Vessels of little-known owners involved in these schemes do not indicate the final point of arrival and turn off the automatic identification system along the way, which makes it impossible to track their location and movement. In addition, it becomes possible to keep the insurance of Western companies.

“Of course, the Europeans do not like this at all, and they want to at least complicate the practice of transshipment of Russian raw materials, if not stop it once and for all,” says Igor Yushkov, an expert at the Financial University under the Government of the Russian Federation. How is the process going now? Small oil ships, owned mostly by state-owned shipping companies, sail from Novorossiysk, Ust-Luga, Primorsk and other ports in the Baltic and Black Seas that are legally classified by international insurance companies as war zones. Then this “shadow” fleet begins to operate in a shuttle mode: after arriving, for example, in the water area of ​​Greece, the raw materials are reloaded onto tankers of a larger deadweight (tonnage), and they, in turn, go to distant markets. First of all, we are talking about India, which has become the largest buyer of our oil transported by sea.”

Mostly, transshipment takes place off the coast of three EU member states – Greece, Spain and the Netherlands, while tankers do not call at the ports there. According to Yushkov, official Brussels is trying in every possible way to discourage local companies from participating in such schemes. Its strategic goal is to deprive the Russian political leadership of income from the sale of energy resources, and for this, various tactics are used to increase the cost of logistics for exporters to the Russian Federation. In particular, the Europeans are trying to ensure that Moscow stops using the “twilight fleet” and rents ships on the international market. According to the logic of European officials, we will implement the plan at oil prices below $60 per barrel. However, the expert concludes, for this it is necessary to solve a number of legal and law enforcement issues, which the European Commission does not mention at all.
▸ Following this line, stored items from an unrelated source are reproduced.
lemma block_diag_orthogonal_conjugate:
  fixes P B E :: "'a :: comm_ring_1 mat"
  assumes P: "P \<in> carrier_mat m m" "transpose_mat P * P = 1\<^sub>m m"
    and B: "B \<in> carrier_mat m m" and E: "E \<in> carrier_mat 1 1"
  defines "X \<equiv> four_block_mat (1\<^sub>m 1) (0\<^sub>m 1 m) (0\<^sub>m m 1) P"
  shows "X \<in> carrier_mat (Suc m) (Suc m)" and "transpose_mat X * X = 1\<^sub>m (Suc m)"
    and "transpose_mat X * four_block_mat E (0\<^sub>m 1 m) (0\<^sub>m m 1) B * X
         = four_block_mat E (0\<^sub>m 1 m) (0\<^sub>m m 1) (transpose_mat P * B * P)"
proof -
  have c11: "1\<^sub>m 1 \<in> carrier_mat 1 1" and c1m: "(0\<^sub>m 1 m :: 'a mat) \<in> carrier_mat 1 m"
    and cm1: "(0\<^sub>m m 1 :: 'a mat) \<in> carrier_mat m 1" and Pt: "transpose_mat P \<in> carrier_mat m m"
    using P by auto
  show "X \<in> carrier_mat (Suc m) (Suc m)"
    unfolding X_def using four_block_carrier_mat[OF c11 P(1)] by simp
  have Xt: "transpose_mat X = four_block_mat (1\<^sub>m 1) (0\<^sub>m 1 m) (0\<^sub>m m 1) (transpose_mat P)"
    unfolding X_def using P by (subst transpose_four_block_mat) auto
  have "transpose_mat X * X = four_block_mat (1\<^sub>m 1) (0\<^sub>m 1 m) (0\<^sub>m m 1) (1\<^sub>m m)"
    unfolding Xt unfolding X_def mult_four_block_mat[OF c11 c1m cm1 Pt c11 c1m cm1 P(1)]
    using P by (intro cong_four_block_mat) auto
  thus "transpose_mat X * X = 1\<^sub>m (Suc m)" by simp
  have "transpose_mat X * four_block_mat E (0\<^sub>m 1 m) (0\<^sub>m m 1) B
      = four_block_mat E (0\<^sub>m 1 m) (0\<^sub>m m 1) (transpose_mat P * B)"
    unfolding Xt mult_four_block_mat[OF c11 c1m cm1 Pt E c1m cm1 B]
    using P B E by (intro cong_four_block_mat) auto
  moreover have "four_block_mat E (0\<^sub>m 1 m) (0\<^sub>m m 1) (transpose_mat P * B) * X
      = four_block_mat E (0\<^sub>m 1 m) (0\<^sub>m m 1) (transpose_mat P * B * P)"
    unfolding X_def mult_four_block_mat[OF E c1m cm1 mult_carrier_mat[OF Pt B] c11 c1m cm1 P(1)]
    using P B E by (intro cong_four_block_mat) auto
  ultimately show "transpose_mat X * four_block_mat E (0\<^sub>m 1 m) (0\<^sub>m m 1) B * X
         = four_block_mat E (0\<^sub>m 1 m) (0\<^sub>m m 1) (transpose_mat P * B * P)"
    by simp
qed
(* Let $k\ge0$ and $\ell\ge4$ be integers and let $G$ be a bipartite graph of order $n\ge (k+\lfloor\ell/2\rfloor-1)^2-(k+\lfloor\ell/2\rfloor-2)\ell+\ell^2k+\ell^2-\ell$ that contains no subgraph isomorphic to $kS_{\ell-1}\cup P_\ell$. Then $e(G)\le (k+\lfloor\ell/2\rfloor-1)n$.
   Context: $P_\ell$ is the path of order $\ell$; $S_{\ell-1}=K_{1,\ell-1}$ is the star of order $\ell$; $kS_{\ell-1}\cup P_\ell$ is the vertex-disjoint union of $k$ copies of $S_{\ell-1}$ and one $P_\ell$ (for $k=0$ it is just $P_\ell$). $e(G)$ is the number of edges. *)

theory Defs
  imports Main
begin

definition simple_graph :: "'a set \<Rightarrow> 'a set set \<Rightarrow> bool" where
  "simple_graph V E \<longleftrightarrow> finite V \<and>
     (\<forall>e\<in>E. \<exists>u v. e = {u, v} \<and> u \<noteq> v \<and> u \<in> V \<and> v \<in> V)"

definition bipartite :: "'a set \<Rightarrow> 'a set set \<Rightarrow> bool" where
  "bipartite V E \<longleftrightarrow> (\<exists>A B. A \<inter> B = {} \<and> A \<union> B = V \<and>
     (\<forall>e\<in>E. \<exists>u\<in>A. \<exists>v\<in>B. e = {u, v}))"

definition contains_subgraph :: "'b set \<Rightarrow> 'b set set \<Rightarrow> 'a set \<Rightarrow> 'a set set \<Rightarrow> bool" where
  "contains_subgraph VH EH V E \<longleftrightarrow>
     (\<exists>f. inj_on f VH \<and> f ` VH \<subseteq> V \<and> (\<forall>e\<in>EH. f ` e \<in> E))"

text \<open>The graph k S_{l-1} \<union> P_l: copies i < k are stars with centre (i,0) and leaves (i,j), 1 \<le> j < l;
  copy k is the path (k,0) - (k,1) - ... - (k,l-1).\<close>
definition SP_verts :: "nat \<Rightarrow> nat \<Rightarrow> (nat \<times> nat) set" where
  "SP_verts k l = {(i, j). i \<le> k \<and> j < l}"

definition SP_edges :: "nat \<Rightarrow> nat \<Rightarrow> (nat \<times> nat) set set" where
  "SP_edges k l = {{(i, 0), (i, j)} | i j. i < k \<and> 1 \<le> j \<and> j < l}
                \<union> {{(k, j), (k, j + 1)} | j. j + 1 < l}"

end

theory Submission
  imports Defs
begin
lemma segment_integral_midpoint:
  assumes "continuous_on (closed_segment x y) F"
  shows "segment_integral F x y = segment_integral F x (midpoint x y) + segment_integral F (midpoint x y) y"
proof -
  define h where "h t = F (x + t *\<^sub>R (y - x)) \<bullet> (y - x)" for t
  have h: "continuous_on {0..1} h"
    unfolding h_def by (rule continuous_on_segment_integrand[OF assms])
  have mid: "midpoint x y = x + (1/2) *\<^sub>R (y - x)"
    unfolding midpoint_def by (simp add: algebra_simps scaleR_2[symmetric] flip: scaleR_add_left)
  have half: "midpoint x y - x = (1/2) *\<^sub>R (y - x)" "y - midpoint x y = (1/2) *\<^sub>R (y - x)"
  proof -
    show "midpoint x y - x = (1/2) *\<^sub>R (y - x)"
      unfolding mid by simp
    moreover have "y - midpoint x y = midpoint x y - x"
      using midpoint_plus_self[of x y] by (simp add: algebra_simps)
    ultimately show "y - midpoint x y = (1/2) *\<^sub>R (y - x)"
      by simp
  qed
  have "x + t *\<^sub>R (midpoint x y - x) = x + (t/2) *\<^sub>R (y - x)"
       "midpoint x y + t *\<^sub>R (y - midpoint x y) = x + (1/2 + t/2) *\<^sub>R (y - x)" for t
    unfolding half unfolding mid by (simp_all add: scaleR_add_left)
  then have first: "segment_integral F x (midpoint x y) = integral {0..1} (\<lambda>t. (1/2) *\<^sub>R h (t/2))"
    and second: "segment_integral F (midpoint x y) y = integral {0..1} (\<lambda>t. (1/2) *\<^sub>R h (1/2 + t/2))"
    unfolding segment_integral_def h_def half by simp_all
  have lower: "((\<lambda>t. (1/2) *\<^sub>R h (t/2)) has_integral integral {0/2..1/2} h) {0..1}"
    by (rule has_integral_substitution) (auto intro!: h derivative_eq_intros)
  have upper: "((\<lambda>t. (1/2) *\<^sub>R h (1/2 + t/2)) has_integral integral {1/2 + 0/2..1/2 + 1/2} h) {0..1}"
    by (rule has_integral_substitution) (auto intro!: h derivative_eq_intros)
  have "segment_integral F x y = integral {0..1} h"
    unfolding segment_integral_def h_def ..
  moreover have "integral {0..1/2} h + integral {1/2..1} h = integral {0..1} h"
    by (rule Henstock_Kurzweil_Integration.integral_combine) (auto intro: integrable_continuous_real h)
  ultimately show ?thesis
    unfolding first second integral_unique[OF lower] integral_unique[OF upper] by simp
qed

lemma segment_integral_reverse:
  assumes "continuous_on (closed_segment x y) F"
  shows "segment_integral F y x = - segment_integral F x y"
proof -
  define h where "h t = F (x + t *\<^sub>R (y - x)) \<bullet> (y - x)" for t
  have "y + t *\<^sub>R (x - y) = x + (1 - t) *\<^sub>R (y - x)" for t
    by (simp add: algebra_simps)
  then have reversed: "segment_integral F y x = integral {0..1} (\<lambda>t. (- 1) *\<^sub>R h (1 - t))"
    unfolding segment_integral_def h_def by (simp flip: inner_minus_right)
  have substituted: "((\<lambda>t. (- 1) *\<^sub>R h (1 - t)) has_integral integral {1 - 0..1 - 1} h - integral {1 - 1..1 - 0} h) {0..1}"
    by (rule has_integral_substitution_general[where g="\<lambda>t. 1 - t" and c=0 and d=1 and s="{}"])
       (auto intro!: derivative_eq_intros continuous_intros
             simp: h_def continuous_on_segment_integrand[OF assms])
  have "segment_integral F x y = integral {0..1} h"
    unfolding segment_integral_def h_def ..
  then show ?thesis
    unfolding reversed integral_unique[OF substituted] by simp
qed

lemma segment_integral_diff:
  assumes "continuous_on (closed_segment x y) F" "continuous_on (closed_segment x y) G"
  shows "segment_integral (\<lambda>z. F z - G z) x y = segment_integral F x y - segment_integral G x y"
  unfolding segment_integral_def inner_diff_left
  by (intro integral_diff integrable_continuous_real continuous_on_segment_integrand assms)

lemma segment_integral_const: "segment_integral (\<lambda>z. c) x y = c \<bullet> (y - x)"
  unfolding segment_integral_def by simp

lemma abs_segment_integral_le:
  assumes "continuous_on (closed_segment x y) F"
    and "\<And>z. z \<in> closed_segment x y \<Longrightarrow> norm (F z) \<le> B"
  shows "\<bar>segment_integral F x y\<bar> \<le> B * norm (y - x)"
proof -
  have "norm (segment_integral F x y) \<le> B * norm (y - x) * (1 - 0)"
    unfolding segment_integral_def
  proof (rule integral_bound)
    fix t :: real
    assume "t \<in> {0..1}"
    then have "norm (F (x + t *\<^sub>R (y - x))) \<le> B"
      by (intro assms(2) segment_point_in_closed_segment)
    then show "norm (F (x + t *\<^sub>R (y - x)) \<bullet> (y - x)) \<le> B * norm (y - x)"
      by (metis Cauchy_Schwarz_ineq2 mult_right_mono norm_ge_zero order_trans real_norm_def)
  qed (auto intro: continuous_on_segment_integrand assms(1))
  then show ?thesis
    by simp
qed

lemma segment_integral_gradient:
  assumes "\<And>z. z \<in> closed_segment x y \<Longrightarrow> (\<psi> has_derivative (\<lambda>v. F z \<bullet> v)) (at z)"
  shows "segment_integral F x y = \<psi> y - \<psi> x"
proof -
  have "((\<lambda>t. \<psi> (x + t *\<^sub>R (y - x))) has_vector_derivative F (x + t *\<^sub>R (y - x)) \<bullet> (y - x))
          (at t within {0..1})" if "t \<in> {0..1}" for t
  proof -
    have "((\<lambda>t. x + t *\<^sub>R (y - x)) has_derivative (\<lambda>s. s *\<^sub>R (y - x))) (at t within {0..1})"
      by (auto intro!: derivative_eq_intros)
    from has_derivative_compose[OF this assms[OF segment_point_in_closed_segment[OF that]]]
    show ?thesis
      unfolding has_real_derivative_iff_has_vector_derivative[symmetric] has_field_derivative_def
      by (rule has_derivative_eq_rhs) (auto simp: o_def)
  qed
  from fundamental_theorem_of_calculus[OF _ this] show ?thesis
    unfolding segment_integral_def by (simp add: integral_unique)
qed

lemma dist_midpoint_midpoint:
  fixes x y z :: "'a::real_normed_vector"
  shows "dist (midpoint x y) (midpoint x z) = dist y z / 2"
    "dist (midpoint y x) (midpoint x z) = dist y z / 2"
    "dist (midpoint x y) (midpoint z x) = dist y z / 2"
    "dist (midpoint y x) (midpoint z x) = dist y z / 2"
proof -
  have "midpoint x y - midpoint x z = (1/2) *\<^sub>R (y - z)"
    by (simp add: midpoint_def algebra_simps)
  then have "dist (midpoint x y) (midpoint x z) = dist y z / 2"
    unfolding dist_norm by simp
  then show "dist (midpoint x y) (midpoint x z) = dist y z / 2"
    "dist (midpoint y x) (midpoint x z) = dist y z / 2"
    "dist (midpoint x y) (midpoint z x) = dist y z / 2"
    "dist (midpoint y x) (midpoint z x) = dist y z / 2"
    by (simp_all add: midpoint_sym)
qed

text \<open>
  The edge midpoints cut the triangle into four whose triangle sums add up to that of the
  original, so one of them carries at least a quarter of it.
\<close>
lemma triangle_quadrisection:
  fixes L :: "'a::euclidean_space \<Rightarrow> 'a \<Rightarrow> real"
  assumes S: "convex hull {a,b,c} \<subseteq> S"
    and mid: "\<And>x y. x \<in> S \<Longrightarrow> y \<in> S \<Longrightarrow> L x y = L x (midpoint x y) + L (midpoint x y) y"
    and rev: "\<And>x y. x \<in> S \<Longrightarrow> y \<in> S \<Longrightarrow> L y x = - L x y"
    and dist: "dist a b \<le> K" "dist b c \<le> K" "dist c a \<le> K"
    and large: "e * K\<^sup>2 \<le> \<bar>L a b + L b c + L c a\<bar>"
  obtains a' b' c' where "convex hull {a',b',c'} \<subseteq> convex hull {a,b,c}"
    and "dist a' b' \<le> K/2" "dist b' c' \<le> K/2" "dist c' a' \<le> K/2"
    and "e * (K/2)\<^sup>2 \<le> \<bar>L a' b' + L b' c' + L c' a'\<bar>"
proof -
  define a' where "a' = midpoint b c"
  define b' where "b' = midpoint c a"
  define c' where "c' = midpoint a b"
  have H: "a \<in> convex hull {a,b,c}" "b \<in> convex hull {a,b,c}" "c \<in> convex hull {a,b,c}"
    by (simp_all add: hull_inc)
  have H': "a' \<in> convex hull {a,b,c}" "b' \<in> convex hull {a,b,c}" "c' \<in> convex hull {a,b,c}"
    unfolding a'_def b'_def c'_def using H by (simp_all add: midpoints_in_convex_hull)
  have sub: "convex hull {x,y,z} \<subseteq> convex hull {a,b,c}"
    if "x \<in> convex hull {a,b,c}" "y \<in> convex hull {a,b,c}" "z \<in> convex hull {a,b,c}" for x y z
    using that by (simp add: convex_hull_subset)
  have "a \<in> S" "b \<in> S" "c \<in> S" "a' \<in> S" "b' \<in> S" "c' \<in> S"
    using H H' S by blast+
  then have split: "L a b + L b c + L c a =
          (L a c' + L c' b' + L b' a) + (L a' c' + L c' b + L b a') +
          (L a' c + L c b' + L b' a') + (L a' b' + L b' c' + L c' a')"
    using mid[of a b] mid[of b c] mid[of c a] rev[of c' b'] rev[of a' c'] rev[of b' a']
    unfolding a'_def b'_def c'_def by simp
  have "dist a c' \<le> K/2" "dist c' b' \<le> K/2" "dist b' a \<le> K/2"
     "dist a' c' \<le> K/2" "dist c' b \<le> K/2" "dist b a' \<le> K/2"
     "dist a' c \<le> K/2" "dist c b' \<le> K/2" "dist b' a' \<le> K/2"
     "dist a' b' \<le> K/2" "dist b' c' \<le> K/2" "dist c' a' \<le> K/2"
    unfolding a'_def b'_def c'_def using dist
    by (simp_all add: dist_midpoint dist_midpoint_midpoint dist_commute)
  moreover have "e * (K/2)\<^sup>2 \<le> \<bar>L a c' + L c' b' + L b' a\<bar> \<or>
        e * (K/2)\<^sup>2 \<le> \<bar>L a' c' + L c' b + L b a'\<bar> \<or>
        e * (K/2)\<^sup>2 \<le> \<bar>L a' c + L c b' + L b' a'\<bar> \<or>
        e * (K/2)\<^sup>2 \<le> \<bar>L a' b' + L b' c' + L c' a'\<bar>"
  proof -
    have "e * (K/2)\<^sup>2 = (e * K\<^sup>2) / 4"
      by (simp add: power_divide)
    then show ?thesis
      using large unfolding split by linarith
  qed
  ultimately show ?thesis
    using that sub[OF H(1) H'(3) H'(2)] sub[OF H'(1) H'(3) H(2)] sub[OF H'(1) H(3) H'(2)]
      sub[OF H'(1) H'(2) H'(3)]
    by blast
qed

lemma nested_triangles_common_point:
  fixes fa fb fc :: "nat \<Rightarrow> 'a::euclidean_space"
  assumes nested: "\<And>n. convex hull {fa (Suc n), fb (Suc n), fc (Suc n)} \<subseteq> convex hull {fa n, fb n, fc n}"
  obtains x where "\<And>n. x \<in> convex hull {fa n, fb n, fc n}"
proof (rule bounded_closed_nest)
  show "closed (convex hull {fa n, fb n, fc n})" for n
    by (simp add: compact_imp_closed finite_imp_compact_convex_hull)
  show "convex hull {fa n, fb n, fc n} \<subseteq> convex hull {fa m, fb m, fc m}" if "m \<le> n" for m n
    using that by (rule transitive_stepwise_le) (auto simp: nested)
qed (auto intro: finite_imp_bounded_convex_hull that)
text \<open>In a direction i < n, the borders of the three slices lift injectively and
  disjointly into the border of S.\<close>

lemma border_dir_slices_le:
  assumes S: "S \<subseteq> cube (Suc n)" and i: "i < n"
  shows "card (border_dir (slice n S 0) i) + card (border_dir (slice n S 1) i)
           + card (border_dir (slice n S 2) i)
         \<le> card (border_dir S i)"
proof -
  define lift where "lift j = (\<lambda>(w::nat \<Rightarrow> nat, a::nat, b::nat). (w(n := j), a, b))" for j :: nat
  have "i \<noteq> n" using i by simp
  have lift_into: "lift j ` border_dir (slice n S j) i \<subseteq> border_dir S i" for j
  proof
    fix x assume "x \<in> lift j ` border_dir (slice n S j) i"
    then obtain w a b where x: "x = (w(n := j), a, b)" and m: "(w, a, b) \<in> border_dir (slice n S j) i"
      unfolding lift_def by auto
    from m have w0: "w n = 0" and wS: "w(n := j) \<in> S" and "w i = a" "a < b" "b \<le> 2"
      and out: "w(i := b) \<notin> slice n S j" by (auto simp: border_dir_def slice_def)
    have "(w(i := b))(n := j) \<notin> S" using out w0 \<open>i \<noteq> n\<close> by (simp add: slice_def)
    hence "(w(n := j))(i := b) \<notin> S" using \<open>i \<noteq> n\<close> by (simp add: fun_upd_twist)
    thus "x \<in> border_dir S i" using x wS \<open>w i = a\<close> \<open>a < b\<close> \<open>b \<le> 2\<close> \<open>i \<noteq> n\<close>
      by (simp add: border_dir_def)
  qed
  have lift_inj: "inj_on (lift j) (border_dir (slice n S j) i)" for j
  proof (rule inj_onI)
    fix x y assume "x \<in> border_dir (slice n S j) i" "y \<in> border_dir (slice n S j) i"
      and eq: "lift j x = lift j y"
    moreover obtain w a b w' a' b' where "x = (w, a, b)" "y = (w', a', b')" by (metis prod.exhaust)
    ultimately have "w \<in> slice n S j" "w' \<in> slice n S j" "w(n := j) = w'(n := j)" "a = a'" "b = b'"
      by (auto simp: border_dir_def lift_def)
    then have "w = w'" using inj_onD[OF inj_on_lift_slice] by blast
    thus "x = y" using \<open>x = (w, a, b)\<close> \<open>y = (w', a', b')\<close> \<open>a = a'\<close> \<open>b = b'\<close> by simp
  qed
  have lift_disjoint: "lift j ` border_dir (slice n S j) i \<inter> lift k ` border_dir (slice n S k) i = {}"
    if "j \<noteq> k" for j k
  proof -
    have "fst (lift j x) n = j" for j x by (cases x) (simp add: lift_def)
    thus ?thesis using that by (metis disjoint_iff imageE)
  qed
  have fin: "finite (border_dir (slice n S j) i)" for j
    using finite_border_dir finite_slice[OF S] by blast
  have "card (border_dir (slice n S 0) i) + card (border_dir (slice n S 1) i)
          + card (border_dir (slice n S 2) i)
      = card (lift 0 ` border_dir (slice n S 0) i \<union> lift 1 ` border_dir (slice n S 1) i
              \<union> lift 2 ` border_dir (slice n S 2) i)"
    by (subst card_Un3_disjoint) (simp_all add: fin lift_disjoint card_image[OF lift_inj])
  also have "\<dots> \<le> card (border_dir S i)"
    by (rule card_mono) (simp_all add: finite_border_dir[OF finite_subset_cube[OF S]] lift_into)
  finally show ?thesis .
qed

text \<open>In direction n, each point of S_j - S_k with j < k gives the border edge
  from height j to height k; different pairs (j,k) give different edges.\<close>

lemma slice_differences_le_border_dir:
  assumes S: "S \<subseteq> cube (Suc n)"
  shows "card (slice n S 0 - slice n S 1) + card (slice n S 0 - slice n S 2)
           + card (slice n S 1 - slice n S 2)
         \<le> card (border_dir S n)"
proof -
  define edge where "edge j k = (\<lambda>w::nat \<Rightarrow> nat. (w(n := j), j, k))" for j k :: nat
  have edge_into: "edge j k ` (slice n S j - slice n S k) \<subseteq> border_dir S n"
    if "j < k" "k \<le> 2" for j k
    using that by (auto simp: edge_def slice_def border_dir_def)
  have edge_inj: "inj_on (edge j k) (slice n S j - slice n S k)" for j k
    using inj_on_lift_slice[of n j S] unfolding inj_on_def edge_def by auto
  have edge_disjoint: "edge j k ` X \<inter> edge j' k' ` Y = {}" if "(j, k) \<noteq> (j', k')" for j k j' k' X Y
    using that by (auto simp: edge_def)
  have fin: "finite (slice n S j - slice n S k)" for j k
    using finite_slice[OF S] by blast
  have "card (slice n S 0 - slice n S 1) + card (slice n S 0 - slice n S 2)
          + card (slice n S 1 - slice n S 2)
      = card (edge 0 1 ` (slice n S 0 - slice n S 1) \<union> edge 0 2 ` (slice n S 0 - slice n S 2)
              \<union> edge 1 2 ` (slice n S 1 - slice n S 2))"
    by (subst card_Un3_disjoint) (simp_all add: fin edge_disjoint card_image[OF edge_inj])
  also have "\<dots> \<le> card (border_dir S n)"
    by (rule card_mono) (simp_all add: finite_border_dir[OF finite_subset_cube[OF S]] edge_into)
  finally show ?thesis .
qed

lemma border_size_slices:
  assumes S: "S \<subseteq> cube (Suc n)"
  shows "border_size n (slice n S 0) + border_size n (slice n S 1) + border_size n (slice n S 2)
         + (card (slice n S 0 - slice n S 1) + card (slice n S 0 - slice n S 2)
            + card (slice n S 1 - slice n S 2))
         \<le> border_size (Suc n) S"
proof -
  have "border_size n (slice n S 0) + border_size n (slice n S 1) + border_size n (slice n S 2)
      = (\<Sum>i<n. card (border_dir (slice n S 0) i) + card (border_dir (slice n S 1) i)
                + card (border_dir (slice n S 2) i))"
    by (simp add: border_size_def sum.distrib)
  also have "\<dots> \<le> (\<Sum>i<n. card (border_dir S i))"
    by (rule sum_mono) (rule border_dir_slices_le[OF S], simp)
  finally show ?thesis
    using slice_differences_le_border_dir[OF S] by (simp add: border_size_def)
qed

lemma product_of_sums_3:
  fixes a0 a1 a2 b0 b1 b2 :: "'a :: comm_ring_1"
  shows "(a0 + a1 + a2) * (b0 + b1 + b2) = 3 * (a0 * b0 + a1 * b1 + a2 * b2)
           + (a0 - a1) * (b1 - b0) + (a0 - a2) * (b2 - b0) + (a1 - a2) * (b2 - b1)"
  by (simp add: algebra_simps numeral_3_eq_3)

text \<open>If a, b \<ge> 0 and a', b' \<le> N (so a' - a and b' - b are at most N), and the
  differences a - a', b - b' are dominated by nonnegative al, be, then the mixed
  product (a - a')(b' - b) is at most N (al + be): whichever factor is positive is
  bounded by N, the other by al or be.\<close>

lemma mixed_product_le:
  fixes a a' b b' N al be :: "'a :: linordered_idom"
  assumes "0 \<le> a" "a' \<le> N" "0 \<le> b" "b' \<le> N" "0 \<le> N"
    and "a - a' \<le> al" "0 \<le> al" "b - b' \<le> be" "0 \<le> be"
  shows "(a - a') * (b' - b) \<le> N * (al + be)"
proof -
  consider "a' \<le> a" "b \<le> b'" | "a \<le> a'" "b' \<le> b" | "(a - a') * (b' - b) \<le> 0"
    by (metis le_cases diff_ge_0_iff_ge diff_le_0_iff_le mult_nonneg_nonpos mult_nonpos_nonneg)
  then show ?thesis
  proof cases
    case 1
    have "(a - a') * (b' - b) \<le> al * N" using 1 assms by (intro mult_mono) auto
    then show ?thesis using \<open>0 \<le> N\<close> assms by (simp add: distrib_left mult.commute add_increasing2)
  next
    case 2
    have "(a' - a) * (b - b') \<le> N * be" using 2 assms by (intro mult_mono) auto
    moreover have "(a - a') * (b' - b) = (a' - a) * (b - b')" by (simp add: algebra_simps)
    ultimately show ?thesis using \<open>0 \<le> N\<close> assms by (simp add: distrib_left add_increasing)
  next
    case 3
    then show ?thesis using \<open>0 \<le> N\<close> assms by (meson add_nonneg_nonneg order_trans mult_nonneg_nonneg)
  qed
qed

lemma card_diff_ge:
  assumes "finite Y"
  shows "real (card X) - real (card Y) \<le> real (card (X - Y))"
proof -
  have "card X \<le> card (X - Y) + card Y" using diff_card_le_card_Diff[OF assms, of X] by linarith
  then have "real (card X) \<le> real (card (X - Y) + card Y)" by (simp only: of_nat_le_iff)
  then show ?thesis by simp
qed

lemma slice_mixed_product_le:
  assumes A: "A \<subseteq> cube (Suc n)" and B: "B \<subseteq> cube (Suc n)"
  shows "(real (card (slice n A j)) - real (card (slice n A k)))
           * (real (card (slice n B k)) - real (card (slice n B j)))
         \<le> 3 ^ n * (real (card (slice n A j - slice n A k)) + real (card (slice n B j - slice n B k)))"
proof -
  have "real (card (slice n S l)) \<le> 3 ^ n" if "S \<subseteq> cube (Suc n)" for S l
    using card_slice_le[OF that, of l] by (metis of_nat_le_iff of_nat_numeral of_nat_power)
  then show ?thesis
    by (intro mixed_product_le) (simp_all add: A B card_diff_ge finite_slice)
qed

text \<open>Base case: the 0-cube has a single point, so one of two disjoint
  subsets is empty.\<close>

lemma border_bound_dim_0:
  assumes "A \<subseteq> cube 0" and "B \<subseteq> cube 0" and "A \<inter> B = {}"
  shows "real (card A) * real (card B) / 3 ^ 0 \<le> real (border_size 0 A) + real (border_size 0 B)"
proof -
  have "A = {} \<or> B = {}" using assms by (auto simp: cube_0)
  thus ?thesis by (auto simp: border_size_def)
qed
“The proposed restrictions must be supported by all EU countries, and the original draft will be revised more than once,” writes the specialized British publication Lloyd’s List. “Therefore, it remains unclear whether specific navigational obstacles will remain in the final version at all.”

From January to March 2023, after the entry into force of the December sanctions, sea shipments from our country increased by almost 20% compared to the first quarter of last year, says Andrey Loboda, an economist and director of communications at BitRiver. Hong Kong and Dubai have become centers of trade in foreign markets. Cash flows now go through them, bypassing Western Europe. Under the nose of the European Union, in the territorial waters of Africa near Southern Europe, the volume of transshipment of Russian oil from tanker to tanker since January 1 this year has exceeded 40 million tons. In Loboda’s opinion, as long as the energy crisis is not overcome in the EU, the market of anonymous buyers and sellers will flourish. It is unlikely that anyone will establish the origin of oil, because Western vertically integrated commodity companies do not want to lose profits.